USC ended up just fine after Bellotti’s decline: they hired Pete Carroll, who would lead the Trojans to two national titles (one shared with LSU) before the team was later stripped of them. But what if Bellotti had taken the USC job? Sure, the Ducks would have still had Joey Harrington under center and a deep, talented roster in 2001. But would Oregon have won the Fiesta Bowl that year with, say, his former assistant Jeff Tedford as head coach? Likely not.
Today Oregon’s head coach is considered by many to be the greatest mind in all of college football. While it’s likely that Chip Kelly will someday leave Eugene to coach elsewhere, it’s overwhelmingly likely that it won’t be for USC. Although the Trojans will always have a greater recruiting base in their namesake Southern California than the Ducks will have in Oregon and the Northwest, the USC job is, despite the program’s continuing winning tradition, no longer so much better than coaching in Eugene. If Kelly leaves, it will be for the NFL.
It may be true that Oregon can never equal the football legacy of USC. It would take 20 straight Duck victories over the Trojans to equal the all-time series, and the Trojans show no signs of succumbing to a multi-year slumber (even if Lane Kiffin is no Pete Carroll). But consider this: before 1994, the magical Rose Bowl season in which Oregon’s program was all but reborn, the Ducks were a collective 10-32-2 against USC. Since 1994, the Ducks are 8-6, even though those years have been some of the Trojans’ best. A century of history can’t be re-written, but the thing about history is that it continues to unfold.

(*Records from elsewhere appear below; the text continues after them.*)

lemma rho_omega_ge:
  assumes m: "m \<ge> 1" and k: "m \<le> k"
  shows "rho m k * omega m = (fps_t * fps_X)^(k-m)"
proof -
  have "rho m k = (fps_t * fps_X)^(k-m) * (phi * geom m)"
    unfolding rho_def using m k by (cases "k = m") (simp_all add: ac_simps)
  then show ?thesis using phi_geom_omega[OF m] by (simp add: ac_simps)
qed

lemma fps_t_X_power_nth: "fps_nth ((fps_t * fps_X)^e) j = (if j = e then tvar^e else 0)"
  unfolding fps_t_def by (simp add: power_mult_distrib fps_const_power)

lemma mod_eq_iff_le_dvd_diff:
  fixes l c d :: nat
  assumes "c < d"
  shows "l mod d = c \<longleftrightarrow> c \<le> l \<and> d dvd (l - c)"
  using assms mod_eq_dvd_iff_nat[of c l d] by (metis mod_less_eq_dividend mod_less)

lemma fps_X_power_mult_alpha_nth:
  assumes c: "c < 2*m"
  shows "fps_nth (fps_X^c * alpha m) l = (if l mod (2*m) = c then tvar^(m * (l div (2*m))) else 0)"
proof -
  have "fps_nth (fps_X^c * alpha m) l = (if c \<le> l \<and> (2*m) dvd (l - c) then tvar^((l - c) div 2) else 0)"
    by (auto simp: fps_X_power_mult_nth alpha_nth)
  moreover have "(l - c) div 2 = m * (l div (2*m))" if "l mod (2*m) = c"
  proof -
    have "l - c = 2 * (m * (l div (2*m)))"
      using that div_mult_mod_eq[of l "2*m"] by (simp add: algebra_simps)
    then show ?thesis by simp
  qed
  ultimately show ?thesis using mod_eq_iff_le_dvd_diff[OF c, of l] by auto
qed

lemma rho_omega_nth:
  assumes k: "1 \<le> k" "k < m"
  shows "fps_nth (rho m k * omega m) l
      = (if l mod (2*m) = m - k then tvar^(m * (l div (2*m))) else 0)
      - (if l mod (2*m) = m + k then tvar^(k + m * (l div (2*m))) else 0)"
proof -
  have "rho m k * omega m = fps_X^(m-k) * ((phi * psi) * geom k * alpha m)"
    unfolding rho_def omega_def using k by (simp add: ac_simps)
  also have "\<dots> = fps_X^(m-k) * alpha m - fps_const (tvar^k) * (fps_X^(m-k) * fps_X^(2*k) * alpha m)"
    unfolding phi_mult_psi geom_telescope fps_t_X2_power by (simp add: algebra_simps)
  also have "fps_X^(m-k) * fps_X^(2*k) = (fps_X^(m+k) :: rat poly fps)"
    using k by (simp flip: power_add)
  finally have e: "rho m k * omega m
      = fps_X^(m-k) * alpha m - fps_const (tvar^k) * (fps_X^(m+k) * alpha m)" .
  have "m - k < 2*m" "m + k < 2*m" using k by simp_all
  then show ?thesis
    unfolding e fps_sub_nth fps_mult_left_const_nth
      fps_X_power_mult_alpha_nth[OF \<open>m - k < 2*m\<close>] fps_X_power_mult_alpha_nth[OF \<open>m + k < 2*m\<close>]
    using k by (auto simp: power_add)
qed

text \<open>The \<open>m \<times> m\<close> matrix that remains of \<open>(rho m k * omega m)\<close> after the rows \<open>k \<ge> m\<close>,
  which are shifted monomials, have been removed.\<close>

definition corner_mat :: "nat \<Rightarrow> nat \<Rightarrow> rat poly mat" where
  "corner_mat m N = mat m m (\<lambda>(i,j). fps_nth (rho m i * omega m) (N - m + j))"

lemma hankelH_eq_det_rho_omega_mat:
  assumes m: "m \<ge> 1"
  shows "hankelH m N = det (mat N N (\<lambda>(k,j). fps_nth (rho m k * omega m) j))"
proof -
  define W where "W = mat N N (\<lambda>(l,j). if l \<le> j then fps_nth (omega m) (j-l) else (0 :: rat poly))"
  have "mat N N (\<lambda>(k,j). fps_nth (rho m k * omega m) j) = rho_mat m N * W"
  proof (rule eq_matI)
    fix k j assume "k < dim_row (rho_mat m N * W)" "j < dim_col (rho_mat m N * W)"
    then have k: "k < N" and j: "j < N" by (simp_all add: rho_mat_def W_def)
    have "(rho_mat m N * W) $$ (k,j)
        = (\<Sum>l<N. fps_nth (rho m k) l * (if l \<le> j then fps_nth (omega m) (j-l) else 0))"
      using k j by (simp add: rho_mat_def W_def scalar_prod_def atLeast0LessThan)
    also have "\<dots> = (\<Sum>l\<le>j. fps_nth (rho m k) l * fps_nth (omega m) (j-l))"
      by (subst sum_lessThan_eq_sum_atMost[OF j]) auto
    also have "\<dots> = fps_nth (rho m k * omega m) j" by (simp add: fps_mult_nth atLeast0AtMost)
    finally show "mat N N (\<lambda>(k,j). fps_nth (rho m k * omega m) j) $$ (k,j) = (rho_mat m N * W) $$ (k,j)"
      using k j by simp
  qed (simp_all add: rho_mat_def W_def)
  moreover have "det W = 1"
    unfolding W_def by (subst det_upper_triangular'[of _ N]) (auto simp: omega_nth_0)
  ultimately show ?thesis
    unfolding hankelH_eq_det_rho_mat[OF m] by (simp add: det_mult[of _ N] rho_mat_def W_def)
qed

lemma prod_power_lessThan: "(\<Prod>a<n. (x::'a::comm_monoid_mult)^a) = x^(n choose 2)"
proof -
  have "(\<Sum>a<n. a) = n choose 2"
    using Sum_Ico_nat[of 0 n] by (simp add: atLeast0LessThan choose_two)
  then show ?thesis by (simp add: power_sum[symmetric])
qed

lemma hankelH_eq_det_corner_mat:
  assumes m: "m \<ge> 1" and mN: "m \<le> N"
  shows "hankelH m N = (-1)^(m*(N-m)) * det (corner_mat m N) * tvar^((N-m) choose 2)"
proof -
  let ?Q = "mat N N (\<lambda>(k,j). fps_nth (rho m k * omega m) j)"
  have "det ?Q = (-1)^(m*(N-m)) * det (mat m m (\<lambda>(i,j). ?Q $$ (i, N-m+j))) * (\<Prod>a<N-m. tvar^a)"
    by (rule det_shifted_diagonal_rows[OF _ mN]) (auto simp: rho_omega_ge[OF m] fps_t_X_power_nth)
  moreover have "mat m m (\<lambda>(i,j). ?Q $$ (i, N-m+j)) = corner_mat m N"
    using mN by (intro eq_matI) (auto simp: corner_mat_def)
  ultimately show ?thesis
    unfolding hankelH_eq_det_rho_omega_mat[OF m] prod_power_lessThan by simp
qed

lemma hankelH_eq_0_small:
  assumes m: "m \<ge> 1" and N: "1 \<le> N" "N \<le> m"
  shows "hankelH m N = 0"
  unfolding hankelH_eq_det_rho_omega_mat[OF m]
  by (rule det_zero_row[of _ N 0]) (use N in \<open>auto simp: rho_omega_0_nth\<close>)

section \<open>Evaluation of the reduced determinant\<close>

lemma mult_add_mod_div:
  fixes d q c :: nat
  assumes "c < d"
  shows "(d * q + c) mod d = c" and "(d * q + c) div d = q"
  using assms by (simp_all add: mod_mult_self3 div_mult_self3)

lemma corner_mat_nth_0:
  assumes "j < m" and "N - m + j = m + l"
  shows "corner_mat m N $$ (0, j) = fps_nth (omega m) l"
proof -
  have "corner_mat m N $$ (0, j) = fps_nth (rho m 0 * omega m) (N - m + j)"
    using assms(1) by (simp add: corner_mat_def)
  also have "\<dots> = fps_nth (omega m) l"
    unfolding assms(2) rho_omega_0_nth by simp
  finally show ?thesis .
qed

lemma corner_mat_nth:
  assumes k: "1 \<le> k" "k < m" and j: "j < m" and l: "N - m + j = 2*m*q + c" and c: "c < 2*m"
  shows "corner_mat m N $$ (k, j)
      = (if c = m - k then tvar^(m*q) else 0) - (if c = m + k then tvar^(k + m*q) else 0)"
proof -
  have "corner_mat m N $$ (k, j) = fps_nth (rho m k * omega m) (N - m + j)"
    using k j by (simp add: corner_mat_def)
  also have "\<dots> = (if (N - m + j) mod (2*m) = m - k then tvar^(m * ((N - m + j) div (2*m))) else 0)
      - (if (N - m + j) mod (2*m) = m + k then tvar^(k + m * ((N - m + j) div (2*m))) else 0)"
    by (rule rho_omega_nth[OF k])
  finally show ?thesis
    unfolding l mult_add_mod_div[OF c] .
qed

lemma omega_nth_even_mult:
  assumes "m \<ge> 1"
  shows "fps_nth (omega m) (2*m*q) = qnum (2*q+1) (tvar^m)"
proof -
  have "fps_nth (omega m) (m*(2*q)) = qnum (2*q+1) (tvar^m)"
    using omega_nth_mult[OF assms, of "2*q"] by simp
  then show ?thesis by (simp add: ac_simps)
qed

lemma det_corner_mat_even:
  assumes m: "m \<ge> 1" and N: "N = 2*m*(q+1)"
  shows "det (corner_mat m N) = qnum (2*q+1) (tvar^m) * (\<Prod>i<m-1. -(tvar^(i+1+m*q)))"
proof -
  have entry: "corner_mat m N $$ (k, j) = (if j = k then -(tvar^(k+m*q)) else 0)"
    if "1 \<le> k" "k < m" "j < m" for k j
  proof -
    have "N - m + j = 2*m*q + (m + j)" using N by simp
    from corner_mat_nth[OF that this] show ?thesis
      using that by (simp, arith)
  qed
  have "corner_mat m N \<in> carrier_mat m m" by (simp add: corner_mat_def)
  then have "det (corner_mat m N) = (\<Prod>i<m. corner_mat m N $$ (i,i))"
    by (rule det_upper_triangular') (simp add: entry)
  also have "\<dots> = corner_mat m N $$ (0,0) * (\<Prod>i<m-1. corner_mat m N $$ (Suc i, Suc i))"
    using m by (cases m) (simp_all only: prod.lessThan_Suc_shift, simp)
  also have "corner_mat m N $$ (0,0) = fps_nth (omega m) (2*m*q)"
    by (rule corner_mat_nth_0) (use m N in \<open>simp_all add: algebra_simps\<close>)
  also have "\<dots> = qnum (2*q+1) (tvar^m)"
    by (rule omega_nth_even_mult[OF m])
  also have "(\<Prod>i<m-1. corner_mat m N $$ (Suc i, Suc i)) = (\<Prod>i<m-1. -(tvar^(i+1+m*q)))"
    by (rule prod.cong) (auto simp: entry)
  finally show ?thesis .
qed

lemma corner_mat_carrier: "corner_mat m N \<in> carrier_mat m m"
  by (simp add: corner_mat_def)

lemma det_corner_mat_odd:
  assumes m: "m \<ge> 1" and N: "N = m*(2*q+1)" and q: "q \<ge> 1"
  shows "det (corner_mat m N)
      = (-1)^(m*(2*q-1)) * qnum (2*q) (tvar^m) * (-1)^((m-1)*(m-2) div 2) * (tvar^(m*q))^(m-1)"
proof -
  have entry: "corner_mat m N $$ (k, j) = (if j = m - k then tvar^(m*q) else 0)"
    if "1 \<le> k" "k < m" "j < m" for k j
  proof -
    have "N - m + j = 2*m*q + j" using N by simp
    from corner_mat_nth[OF that this] show ?thesis
      using that by simp
  qed
  have "det (corner_mat m N) = corner_mat m N $$ (0,0) * (-1)^((m-1)*(m-2) div 2)
      * (\<Prod>i<m-1. corner_mat m N $$ (i+1, m-1-i))"
    by (rule det_first_row_antidiag[OF corner_mat_carrier m]) (simp add: entry)
  also have "corner_mat m N $$ (0,0) = fps_nth (omega m) (m*(2*q-1))"
    by (rule corner_mat_nth_0) (use m N q in \<open>simp_all add: algebra_simps\<close>)
  also have "\<dots> = (-1)^(m*(2*q-1)) * qnum (2*q) (tvar^m)"
    using omega_nth_mult[OF m, of "2*q-1"] q by simp
  also have "(\<Prod>i<m-1. corner_mat m N $$ (i+1, m-1-i)) = (tvar^(m*q))^(m-1)"
    by (simp add: entry)
  finally show ?thesis .
qed

lemma det_corner_mat_even_Suc:
  assumes m: "m \<ge> 1" and N: "N = 2*m*(q+1) + 1"
  shows "det (corner_mat m N) = (-1)^(m-1)
      * ((-1)^(m*(2*q+1)) * qnum (2*q+2) (tvar^m) * (\<Prod>i<m-1. -(tvar^(i+1+m*q))))"
proof -
  define G where "G = mat m m (\<lambda>(i,j). corner_mat m N $$ (i, if j = 0 then m - 1 else j - 1))"
  have G: "G \<in> carrier_mat m m" by (simp add: G_def)
  have entry: "G $$ (k, j) = (if j = k then -(tvar^(k+m*q)) else 0)"
    if "1 \<le> k" "k < m" "j < m" for k j
  proof (cases "j = 0")
    case True
    have "N - m + (m - 1) = 2*m*(q+1) + 0" using N m by simp
    from corner_mat_nth[OF that(1,2) _ this] m have "corner_mat m N $$ (k, m - 1) = 0"
      using that by simp
    then show ?thesis using True that by (simp add: G_def)
  next
    case False
    have "N - m + (j - 1) = 2*m*q + (m + j)" using N m False by simp
    from corner_mat_nth[OF that(1,2) _ this] have "corner_mat m N $$ (k, j - 1) = (if j = k then -(tvar^(k+m*q)) else 0)"
      using that by (simp, arith)
    then show ?thesis using False that by (simp add: G_def)
  qed
  have "det (corner_mat m N) = (-1)^(m-1) * det G"
    unfolding G_def by (rule det_rotate_last_column_first[OF corner_mat_carrier m])
  also have "det G = (\<Prod>i<m. G $$ (i,i))"
    using G by (rule det_upper_triangular') (simp add: entry)
  also have "\<dots> = G $$ (0,0) * (\<Prod>i<m-1. G $$ (Suc i, Suc i))"
    using m by (cases m) (simp_all only: prod.lessThan_Suc_shift, simp)
  also have "G $$ (0,0) = corner_mat m N $$ (0, m - 1)"
    using m by (simp add: G_def)
  also have "\<dots> = fps_nth (omega m) (m*(2*q+1))"
    by (rule corner_mat_nth_0) (use m N in \<open>simp_all add: algebra_simps\<close>)
  also have "\<dots> = (-1)^(m*(2*q+1)) * qnum (2*q+2) (tvar^m)"
    using omega_nth_mult[OF m, of "2*q+1"] by simp
  also have "(\<Prod>i<m-1. G $$ (Suc i, Suc i)) = (\<Prod>i<m-1. -(tvar^(i+1+m*q)))"
    by (rule prod.cong) (auto simp: entry)
  finally show ?thesis .
qed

Brian Libby is a writer and photographer living in Portland. A life-long Ducks football fanatic who first visited Autzen Stadium at age eight, he is the author of two histories of UO football, “Tales From the Oregon Ducks Sideline” and “The University of Oregon Football Vault.” When not delving into all things Ducks, Brian works as a freelance journalist covering design, film and visual art for publications like The New York Times, Architect, and Dwell, among others.